New file services/mam-api/src/db/migrations/011-youtube-import.sql:

-- 1. Add the new job type to the enum.
--    Postgres requires ALTER TYPE ... ADD VALUE for enum changes.
ALTER TYPE job_type ADD VALUE IF NOT EXISTS 'youtube_import';

-- 2. Remember where an asset came from. NULL for everything that
--    pre-dates the importer; populated for any imported asset.
ALTER TABLE assets ADD COLUMN IF NOT EXISTS source_url TEXT;

source_url is exposed on the asset drawer as a "Source" line ("imported from youtu.be/…") in a follow-up PR — out of scope for this spec, but worth noting that the column exists for it.

5. Files touched

New

  • services/mam-api/src/routes/imports.js
  • services/mam-api/src/db/migrations/011-youtube-import.sql
  • services/worker/src/workers/youtube-import.js

Edited

  • services/mam-api/src/index.js — mount the new route.
  • services/web-ui/public/screens-ingest.jsx — add YouTubeImport, export on window.
  • services/web-ui/public/shell.jsx — add the nav child, extend ingestChildren.
  • services/web-ui/public/app.jsx — register the route and the crumb.
  • services/web-ui/public/screens-jobs.jsx — extend kindMap with youtube_import: 'YouTube'.
  • services/worker/src/index.js — register the import queue worker.
  • services/worker/Dockerfile — add yt-dlp and python3 to the apk install line.

6. Risks & trade-offs

  • Worker egress. The worker container needs outbound HTTPS to YouTube. Fine in the current homelab; will fail in a locked-down cluster. Documented in the implementation plan.
  • yt-dlp drift. YouTube changes break old yt-dlp versions every few weeks. The Alpine package lags upstream by days. Fix is to rebuild the worker image. We do not auto-update inside the running container — too risky for an offline / locked-down deploy. If imports start failing en masse, the runbook is docker compose build worker && docker compose up -d worker.
  • Single-URL UX feels light.

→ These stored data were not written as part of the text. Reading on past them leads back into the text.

theorem proposition2p3:
  fixes D :: "'a::euclidean_space \<Rightarrow> 'a \<times> 'b \<Rightarrow> 'b::euclidean_space"
    and Ob :: "('a \<times> 'b) set"
    and y :: "'a \<Rightarrow> 'a \<times> 'b \<Rightarrow> 'a \<times> 'b"
    and K :: "('a \<times> 'b) set"
    and \<delta> :: real
  assumes O_open: "open Ob" and O0: "0 \<in> Ob"
    and D_lip: "\<And>i. i \<in> Basis \<Longrightarrow> \<exists>C. C-lipschitz_on Ob (D i)"
    and D0: "\<And>i. i \<in> Basis \<Longrightarrow> D i 0 = 0"
    and commute: "\<And>i j. i \<in> Basis \<Longrightarrow> j \<in> Basis \<Longrightarrow>
                    bracket_zero_ae Ob (coord_field D i) (coord_field D j)"
    and \<delta>_pos: "\<delta> > 0"
    and K_compact: "compact K" and K_nbhd: "0 \<in> interior K" and K_O: "K \<subseteq> Ob"
    and y_in: "\<And>t x. t \<in> time_box \<delta> \<Longrightarrow> x \<in> K \<Longrightarrow> y t x \<in> Ob"
    and y_init: "\<And>x. x \<in> K \<Longrightarrow> y 0 x = x"
    and y_ode: "\<And>t x j. t \<in> time_box \<delta> \<Longrightarrow> x \<in> K \<Longrightarrow> j \<in> Basis \<Longrightarrow>
                  ((\<lambda>s. y (t + s *\<^sub>R j) x) has_vector_derivative
                      coord_field D j (y t x)) (at 0)"
    and y_lip: "\<exists>L. L-lipschitz_on (time_box \<delta> \<times> K) (\<lambda>(t, x). y t x)"
  shows "\<exists>U0 U1 G'. open U0 \<and> (0, 0) \<in> U0 \<and>
           U0 \<subseteq> {(t, z). t \<in> time_box \<delta> \<and> (0, z) \<in> K} \<and>
           open U1 \<and> 0 \<in> U1 \<and> U1 \<subseteq> Ob \<and>
           homeomorphism U0 U1 (\<lambda>(t, z). y t (0, z)) G' \<and>
           (\<exists>L. L-lipschitz_on U0 (\<lambda>(t, z). y t (0, z))) \<and>
           (\<exists>L'. L'-lipschitz_on U1 G')"
proof -
  have "\<exists>C. \<forall>i\<in>Basis. C-lipschitz_on Ob (D i)"
    by (rule lipschitz_on_uniform_finite[OF finite_Basis D_lip])
  then obtain C where C: "\<forall>i\<in>Basis. C-lipschitz_on Ob (D i)" ..
  obtain L where L: "L-lipschitz_on (time_box \<delta> \<times> K) (\<lambda>(t, x). y t x)"
    using y_lip by blast
  interpret coordinate_flow D Ob K \<delta> y C L
    using C by unfold_locales (auto intro: y_in y_init y_ode L)
  obtain U0 where U0: "open U0" "(0, 0) \<in> U0" "U0 \<subseteq> graph_domain"
    and lower: "\<And>p q. p \<in> U0 \<Longrightarrow> q \<in> U0 \<Longrightarrow>
                  dist p q \<le> (3 + 2 * L) * dist (flow_graph p) (flow_graph q)"
    using graph_bilipschitz_near_origin[OF K_nbhd \<delta>_pos] by blast
  have G_lip: "L-lipschitz_on U0 flow_graph"
    by (rule lipschitz_on_subset[OF graph_lipschitz U0(3)])
  have "0 \<le> 3 + 2 * L" using lipschitz_on_nonneg[OF L] by simp
  from bilipschitz_open_homeomorphism[OF U0(1) G_lip this lower]
  have G_homeo: "open (flow_graph ` U0)"
      "homeomorphism U0 (flow_graph ` U0) flow_graph (inv_into U0 flow_graph)"
      "(3 + 2 * L)-lipschitz_on (flow_graph ` U0) (inv_into U0 flow_graph)"
    by auto
  have "flow_graph (0, 0) = 0"
    using flow_init K_nbhd interior_subset by (auto simp: zero_prod_def)
  then have "0 \<in> flow_graph ` U0" using U0(2) by (metis image_eqI)
  moreover have "flow_graph ` U0 \<subseteq> Ob"
    using U0(3) flow_in by (auto simp: graph_domain_def)
  ultimately show ?thesis
    unfolding graph_domain_def[symmetric] using U0 G_lip G_homeo by blast
qed

end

That is deliberate for v1. Adding multi-URL paste and playlist expansion are both small follow-ups once the single-URL path is stable.
  • No copyright enforcement. We rely on the one-line notice in the UI. If misuse becomes a real concern, the next step would be an admin allowlist of domains or a per-user import quota — not in this spec.
  • filename = url placeholder. Briefly, the asset row in the Library shows the URL as the name. The worker overwrites it within seconds for a successful import. Acceptable; the Library already handles "ingesting" assets with placeholder names from the upload path.

7. Acceptance

The feature is done when:

  • A user can navigate to Ingest → YouTube, paste a public YouTube URL, pick a project, click Import, and within a minute or two see the asset appear in the Library with proxy and thumbnail.
  • A failed import (private video, removed video, bogus URL) shows a clear error message on both the YouTube screen's queue row and the Jobs screen.
  • The Jobs screen lists "YouTube" jobs alongside Proxy / Thumbnail / Conform, with Retry working.
  • source_url is populated on the imported asset row.
  • Image rebuild + docker compose up -d worker is the documented recovery path if YouTube changes break yt-dlp.